Afra Shopping Mall
- Location: Khartoum, Sudan
- Coordinates: 15°33′34″N 32°33′18″E﻿ / ﻿15.5594°N 32.5549°E
- Opening date: January 2004
- Management: Bullary LLC
- Owner: MZK
- No. of stores and services: 100
- Total retail floor area: 480,000 square feet (45,000 m^{2})
- No. of floors: 3 floors
- Parking: 380 places
- Website: www.afrasd.com

= Afra Mall =

Afra Mall (مركز عفراء التجاري) was a shopping mall in Khartoum, Sudan.
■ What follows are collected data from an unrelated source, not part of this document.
definition slash :: "real \<Rightarrow> (sl2 \<Rightarrow> complex) \<Rightarrow> (complex \<Rightarrow> complex) \<Rightarrow> sl2 \<Rightarrow> complex \<Rightarrow> complex" where
  "slash k v f g z = inverse (v g) * aut_pow g z (- k) * f (moebius g z)"

definition moderate_growth :: "(complex \<Rightarrow> complex) \<Rightarrow> bool" where
  "moderate_growth f \<longleftrightarrow>
     (\<exists>N c. N > 0 \<and> c > 0 \<and> (\<forall>x y. y > c \<longrightarrow> cmod (f (Complex x y)) \<le> y powr N))"

definition representation :: "(sl2 \<Rightarrow> complex ^'n ^'n) \<Rightarrow> bool" where
  "representation \<rho> \<longleftrightarrow>
     (\<forall>g\<in>SL2Z. invertible (\<rho> g)) \<and>
     (\<forall>g\<in>SL2Z. \<forall>s\<in>SL2Z. \<rho> (sl2_mult g s) = \<rho> g ** \<rho> s)"

definition HH :: "real \<Rightarrow> (sl2 \<Rightarrow> complex ^'n ^'n) \<Rightarrow> (sl2 \<Rightarrow> complex) \<Rightarrow> (complex \<Rightarrow> complex ^'n) set" where
  "HH k \<rho> v = {F. (\<forall>i. (\<lambda>z. F z $ i) holomorphic_on upper_half_plane \<and> moderate_growth (\<lambda>z. F z $ i)) \<and>
       (\<forall>g\<in>SL2Z. \<forall>z\<in>upper_half_plane.
          (\<chi> i. slash k v (\<lambda>w. F w $ i) g z) = \<rho> g *v F z)}"

end

theory Submission
  imports Defs
begin

text \<open>The functions \<open>f\<^sub>i\<close> need not be linearly independent, so the matrices \<open>S(\<gamma>)\<close> with
  \<open>F|\<gamma> = S(\<gamma>) F\<close> are not unique and need not be multiplicative. A maximal linearly
  independent subfamily yields an idempotent matrix \<open>M\<close> with \<open>M F = F\<close> such that \<open>X M\<close> depends
  only on the values \<open>X F(z)\<close>. The normalised matrices \<open>N(\<gamma>) = S(\<gamma>) M\<close> then satisfy
  \<open>N(\<gamma>\<sigma>) = N(\<gamma>) N(\<sigma>)\<close>, \<open>N(I) = M\<close> and \<open>M N(\<gamma>) = N(\<gamma>) = N(\<gamma>) M\<close>, because slashing is a right
  action commuting with constant matrices. Adding the complementary idempotent gives the
  representation \<open>\<rho>(\<gamma>) = N(\<gamma>) + (1 - M)\<close>, and still \<open>F|\<gamma> = \<rho>(\<gamma>) F\<close> since \<open>(1 - M) F = 0\<close>.\<close>

lemma sl2_mult_SL2Z: "g \<in> SL2Z \<Longrightarrow> s \<in> SL2Z \<Longrightarrow> sl2_mult g s \<in> SL2Z"
  by (cases g; cases s) (auto simp: SL2Z_def algebra_simps)

lemma SL2Z_one: "(1,0,0,1) \<in> SL2Z"
  by (simp add: SL2Z_def)

lemma SL2Z_inverse:
  assumes "g \<in> SL2Z"
  obtains h where "h \<in> SL2Z" "sl2_mult g h = (1,0,0,1)" "sl2_mult h g = (1,0,0,1)"
proof -
  obtain a b c d where g: "g = (a,b,c,d)" by (cases g)
  show ?thesis
    by (rule that[of "(d,-b,-c,a)"]) (use assms in \<open>auto simp: g SL2Z_def algebra_simps\<close>)
qed

lemma SL2Z_denominator_nonzero:
  assumes "(a,b,c,d) \<in> SL2Z" "z \<in> upper_half_plane"
  shows "of_int c * z + of_int d \<noteq> 0"
proof
  assume zero: "of_int c * z + of_int d = 0"
  have "Im (of_int c * z + of_int d) = of_int c * Im z" by simp
  with zero have "of_int c * Im z = 0" by simp
  with assms(2) have "c = 0" by (simp add: upper_half_plane_def)
  with zero assms(1) show False by (simp add: SL2Z_def)
qed

lemma moebius_upper_half_plane:
  assumes "g \<in> SL2Z" "z \<in> upper_half_plane"
  shows "moebius g z \<in> upper_half_plane"
proof -
  obtain a b c d where g: "g = (a,b,c,d)" by (cases g)
  have det: "real_of_int a * real_of_int d - real_of_int b * real_of_int c = 1"
    using assms(1) by (simp add: g SL2Z_def flip: of_int_mult of_int_diff)
  have "Im (of_int a * z + of_int b) * Re (of_int c * z + of_int d)
          - Re (of_int a * z + of_int b) * Im (of_int c * z + of_int d) = Im z"
    using det by (simp add: algebra_simps)
  then have "Im (moebius g z) = Im z / (cmod (of_int c * z + of_int d))\<^sup>2"
    by (simp add: g Im_divide')
  moreover have "of_int c * z + of_int d \<noteq> 0"
    using SL2Z_denominator_nonzero assms g by blast
  ultimately show ?thesis
    using assms(2) by (simp add: upper_half_plane_def)
qed

lemma moebius_sl2_mult:
  assumes "s \<in> SL2Z" "z \<in> upper_half_plane"
  shows "moebius (sl2_mult g s) z = moebius g (moebius s z)"
proof -
  obtain a b c d where g: "g = (a,b,c,d)" by (cases g)
  obtain a' b' c' d' where s: "s = (a',b',c',d')" by (cases s)
  define P D where "P = of_int a' * z + of_int b'" and "D = of_int c' * z + of_int d'"
  have "D \<noteq> 0"
    using SL2Z_denominator_nonzero assms s unfolding D_def by blast
  then have "moebius g (moebius s z) =
      ((of_int a * P + of_int b * D) / D) / ((of_int c * P + of_int d * D) / D)"
    by (simp add: g s P_def[symmetric] D_def[symmetric] add_divide_distrib)
  also have "\<dots> = (of_int a * P + of_int b * D) / (of_int c * P + of_int d * D)"
    using \<open>D \<noteq> 0\<close> by (simp add: divide_divide_eq_right)
  also have "\<dots> = moebius (sl2_mult g s) z"
    by (simp add: g s P_def D_def algebra_simps)
  finally show ?thesis ..
qed

lemma aut_pow_uminus: "aut_pow g z (- k) = inverse (aut_pow g z k)"
  by (cases g) (simp add: powr_def exp_minus)

lemma aut_pow_one [simp]: "aut_pow (1,0,0,1) z k = 1"
  by (simp add: powr_def)

lemma multiplier_system_one:
  assumes "multiplier_system k v"
  shows "v (1,0,0,1) = 1"
proof -
  have "\<i> \<in> upper_half_plane" by (simp add: upper_half_plane_def)
  then have "v (1,0,0,1) = v (1,0,0,1) * v (1,0,0,1)"
    using assms SL2Z_one unfolding multiplier_system_def by fastforce
  moreover have "v (1,0,0,1) \<noteq> 0"
    using assms SL2Z_one unfolding multiplier_system_def by force
  ultimately show ?thesis by simp
qed

lemma slash_one:
  assumes "multiplier_system k v"
  shows "slash k v f (1,0,0,1) z = f z"
  using multiplier_system_one[OF assms] by (simp add: slash_def aut_pow_uminus)

lemma slash_sl2_mult:
  assumes "multiplier_system k v" "g \<in> SL2Z" "s \<in> SL2Z" "z \<in> upper_half_plane"
  shows "slash k v (slash k v f g) s z = slash k v f (sl2_mult g s) z"
proof -
  have "v (sl2_mult g s) * aut_pow (sl2_mult g s) z k =
        (v g * aut_pow g (moebius s z) k) * (v s * aut_pow s z k)"
    using assms unfolding multiplier_system_def by blast
  then have "inverse (v (sl2_mult g s) * aut_pow (sl2_mult g s) z k) =
        inverse ((v g * aut_pow g (moebius s z) k) * (v s * aut_pow s z k))"
    by simp
  then show ?thesis
    by (simp add: slash_def aut_pow_uminus moebius_sl2_mult[OF assms(3,4)]
        inverse_mult_distrib mult_ac)
qed

lemma slash_cong:
  assumes "\<And>w. w \<in> upper_half_plane \<Longrightarrow> f w = h w" "g \<in> SL2Z" "z \<in> upper_half_plane"
  shows "slash k v f g z = slash k v h g z"
  using assms moebius_upper_half_plane by (simp add: slash_def)

definition vec_slash ::
    "real \<Rightarrow> (sl2 \<Rightarrow> complex) \<Rightarrow> (complex \<Rightarrow> complex ^'n) \<Rightarrow> sl2 \<Rightarrow> complex \<Rightarrow> complex ^'n"
  where "vec_slash k v F g z = (\<chi> i. slash k v (\<lambda>w. F w $ i) g z)"

lemma vec_slash_one:
  assumes "multiplier_system k v"
  shows "vec_slash k v F (1,0,0,1) z = F z"
  by (simp add: vec_slash_def slash_one[OF assms] vec_eq_iff)

lemma vec_slash_sl2_mult:
  assumes "multiplier_system k v" "g \<in> SL2Z" "s \<in> SL2Z" "z \<in> upper_half_plane"
  shows "vec_slash k v (vec_slash k v F g) s z = vec_slash k v F (sl2_mult g s) z"
  using slash_sl2_mult[OF assms] by (simp add: vec_slash_def vec_eq_iff)

lemma vec_slash_cong:
  assumes "\<And>w. w \<in> upper_half_plane \<Longrightarrow> F w = G w" "g \<in> SL2Z" "z \<in> upper_half_plane"
  shows "vec_slash k v F g z = vec_slash k v G g z"
proof -
  have "slash k v (\<lambda>w. F w $ i) g z = slash k v (\<lambda>w. G w $ i) g z" for i
    by (rule slash_cong) (use assms in auto)
  then show ?thesis
    by (simp add: vec_slash_def)
qed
It opened in 2004 and was the first shopping mall in the country.

The mall was two stories and had an area of 45000 m2. It contains a hypermarket, a movie theater, an ice-skating rink, an internet cafe, a food court, currency exchanges, and a variety of shops.

==History==

A substantial portion of the shopping center burned in early May 2012; the mall was subsequently renovated.

During the early weeks of the Sudanese civil war (2023–present), the mall's stores were subject to heavy looting and destruction, including luxury goods, phones, and electronics. The mall was later engulfed in a fire and destroyed by shelling, with the RSF and SAF claiming that the other side had destroyed it.